Keir Fraser [Fri, 10 Dec 2010 11:34:28 +0000 (11:34 +0000)]
x86 hvm: Add a new HVMOP to get the current Xen system time
Xen absolute system time, so that it can use SCHEDOP_poll in a
sensible fashion. HVM PV drivers can't use the normal PV clock
because they might have TSC offsets that hey don't know about.
Keir Fraser [Thu, 9 Dec 2010 10:14:57 +0000 (10:14 +0000)]
x86/mm: change ASSERTs to BUG_ONs in mem_sharing.c
These two ASSERTs have important side-effects so make them into
BUG_ONs
consistent with the rest of the file.
Bug found by Jui-Hao Chiang <juihaochiang@gmail.com>.
Signed-off-by: Tim Deegan <Tim.Deegan@citrix.com>
xen-unstable changeset: 22467:89116f28083f
xen-unstable date: Wed Dec 08 10:46:31 2010 +0000
Keir Fraser [Tue, 7 Dec 2010 18:37:31 +0000 (18:37 +0000)]
x86: remove BUG_ON() from QUIRK_IOAPIC_*_REGSEL handler
Since (non-pvops, 32-bit only up to 2.6.27) Linux would report "BAD"
unconditionally on all SiS chipset versions (it only looks for a PCI
device at 0000:00:00.0 with SiS as the vendor), we must not crash if
the report on a 64-bit hypervisor doesn't match the #define (which is
zero).
While we could honor the quirk indication even on 64-bit, it doesn't
seem worthwhile, as there's no evidence that newer SiS chipsets
(supporting 64-bit CPUs) are actually affected.
This should also address bug 1687 (mis-reported, however, afaict).
Signed-off-by: Jan Beulich <jbeulich@novell.com>
xen-unstable changeset: 22466:bfd13358b8bf
xen-unstable date: Tue Dec 07 18:32:04 2010 +0000
Keir Fraser [Wed, 1 Dec 2010 20:14:56 +0000 (20:14 +0000)]
x86: fix IRQ migration when using directed EOI (broken with c/s 20465)
In directed-EOI mode, there is no chance to do the migration in
mask_and_ack_level_ioapic_irq(), as the remote IRR bit can't possibly
be clear after issuing the EOI to the LAPIC. Consequently, there's no
point to even try. Instead, migration must be done in
end_level_ioapic_irq(), and it requires masking the interrupt source
prior to issuing the EOI to the IO-APIC.
Signed-off-by: Jan Beulich <jbeulich@novell.com>
xen-unstable changeset: 22452:62bf12040b0f
xen-unstable date: Wed Dec 01 20:10:27 2010 +0000
Keir Fraser [Tue, 30 Nov 2010 11:38:16 +0000 (11:38 +0000)]
x86 hvm: Do not overwrite boot-cpu capability data on VMX/SVM startup.
Apparently required back in the earliest days of Xen, we now properly
initialise CPU capabilities early during bootstrap. Re-writing
capability data later now causes problems if specific features have
been deliberately masked out.
Thanks to Weidong Han at Intel for finding such a bug where XSAVE
feature is masked out by default, but then erroneously written back
during VMX initialisation. This would cause memory corruption problems
during boot for XSAVE-capable systems.
Keir Fraser [Mon, 29 Nov 2010 14:46:43 +0000 (14:46 +0000)]
x86: tighten filter on ptwr_do_page_fault()
Even not-so-recent Linux may, due to post-2.6.18 changes to the
process creation code, cause quite a number (depending on environment
and argument size) of faulting accesses to user space originating from
kernel mode.
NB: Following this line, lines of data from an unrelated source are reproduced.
definition ip1 :: "real \<Rightarrow> (real \<Rightarrow> real) \<Rightarrow> (real \<Rightarrow> real) \<Rightarrow> (real \<Rightarrow> real) \<Rightarrow> (real \<Rightarrow> real)
    \<Rightarrow> state \<Rightarrow> state \<Rightarrow> real" where
  "ip1 l EI \<rho> GJ Iw X Y = (case X of (f1,g1,h1,z1) \<Rightarrow> case Y of (f2,g2,h2,z2) \<Rightarrow>
     integral\<^sup>L (Iv l) (\<lambda>y. EI y * wderiv l (wderiv l f1) y * wderiv l (wderiv l f2) y
        + \<rho> y * g1 y * g2 y + GJ y * wderiv l h1 y * wderiv l h2 y + Iw y * z1 y * z2 y))"

definition ip2 :: "real \<Rightarrow> (real \<Rightarrow> real) \<Rightarrow> (real \<Rightarrow> real) \<Rightarrow> (real \<Rightarrow> real) \<Rightarrow> (real \<Rightarrow> real)
    \<Rightarrow> real \<Rightarrow> real \<Rightarrow> state \<Rightarrow> state \<Rightarrow> real" where
  "ip2 l EI \<rho> GJ Iw \<epsilon>1 \<epsilon>2 X Y = ip1 l EI \<rho> GJ Iw X Y +
     (case X of (f1,g1,h1,z1) \<Rightarrow> case Y of (f2,g2,h2,z2) \<Rightarrow>
       \<epsilon>1 * integral\<^sup>L (Iv l) (\<lambda>y. \<rho> y * (f1 y * g2 y + g1 y * f2 y))
     + \<epsilon>2 * integral\<^sup>L (Iv l) (\<lambda>y. Iw y * (h1 y * z2 y + z1 y * h2 y)))"

definition Mom :: "real \<Rightarrow> (real \<Rightarrow> real) \<Rightarrow> (real \<Rightarrow> real) \<Rightarrow> state \<Rightarrow> (real \<Rightarrow> real)" where
  "Mom l EI \<eta>w X = (case X of (f,g,h,z) \<Rightarrow>
     (\<lambda>y. EI y * wderiv l (wderiv l f) y + \<eta>w y * EI y * wderiv l (wderiv l g) y))"

definition Tor :: "real \<Rightarrow> (real \<Rightarrow> real) \<Rightarrow> (real \<Rightarrow> real) \<Rightarrow> state \<Rightarrow> (real \<Rightarrow> real)" where
  "Tor l GJ \<eta>p X = (case X of (f,g,h,z) \<Rightarrow>
     (\<lambda>y. GJ y * wderiv l h y + \<eta>p y * GJ y * wderiv l z y))"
Generally those happen for non-present pages and would
lead to a nested page fault from guest_get_eff_l1e(). They can be
avoided by checking for PFEC_page_present as long as the guest isn't
running on shadow page tables.
Signed-off-by: Jan Beulich <jbeulich@novell.com> Signed-off-by: Keir Fraser <keir@xen.org>
xen-unstable changeset: 22449:3afb5ecbf69f
xen-unstable date: Mon Nov 29 14:40:55 2010 +0000
Keir Fraser [Mon, 29 Nov 2010 14:46:01 +0000 (14:46 +0000)]
x86-64: don't crash Xen upon direct pv guest access to GDT/LDT mapping area
handle_gdt_ldt_mapping_fault() is intended to deal with indirect
accesses (i.e. those caused by descriptor loads) to the GDT/LDT
mapping area only. While for 32-bit segment limits indeed prevent the
function being entered for direct accesses (i.e. a #GP fault will be
raised even before the address translation gets done, on 64-bit even
user mode accesses would lead to control reaching the BUG_ON() at the
beginning of that function.
Fortunately the fix is simple: Since the guest kernel runs in ring 3,
any guest direct access will have the "user mode" bit set, whereas
descriptor loads always do the translations to access the actual
descriptors as kernel mode ones.
Signed-off-by: Jan Beulich <jbeulich@novell.com>
Further, relax the BUG_ON() in handle_gdt_ldt_mapping_fault() to a
check-and-bail. This avoids any problems in future, if we don't
execute x86_64 guest kernels in ring 3 (e.g., because we use a
lightweight HVM container).
Keir Fraser [Wed, 10 Nov 2010 14:16:45 +0000 (14:16 +0000)]
hvmloader: fix off-by-one-bit error when initialising PCI devices
hvmloader is responsible for - amoungst other things - initialising
the PCI device BARs prior to loading the guest BIOS. The previous
code only probed for devfn up to 128. The lower 3 bits are function
IDs so this meant that only devices in slots 0-15 were actually being
initialized.
Signed-off-by: Alex Zeffertt <alex.zeffertt@eu.citrix.com> Acked-by: Gianni Tedesco <gianni.tedesco@citrix.com>
xen-unstable changeset: 22383:cba667fb80cf
xen-unstable date: Wed Nov 10 13:58:16 2010 +0000
hvmloader: Fix 22383:cba667fb80cf iterating over defns 0..255
We need to declare devfn as wider than 8 bits for a loop 0<devfn<256
to terminate.
Keir Fraser [Mon, 8 Nov 2010 15:36:58 +0000 (15:36 +0000)]
Fix "Error: Device 51952 not connected" error when using pygrub
The following is the process of booting a DomU with 'mounted-blktap2'
(VHD
for example) and 'pygrub' as bootloader:
1. Connect boot-device to Dom0 as '/dev/xpvd'
2. Pygrub get info for load DomU
3. Disconnect boot-device from Dom0
4. Boot DomU
During step 3 the created device is disconnected from Dom0, but
xenstore does not scrape away after the device is disconnected so you
get the following error:
"Error: Device /dev/xvdp (51952, tap2) is already connected."
During step 3 xend calls destroyDevice always with 'tap' as argument.
Keir Fraser [Mon, 8 Nov 2010 15:35:30 +0000 (15:35 +0000)]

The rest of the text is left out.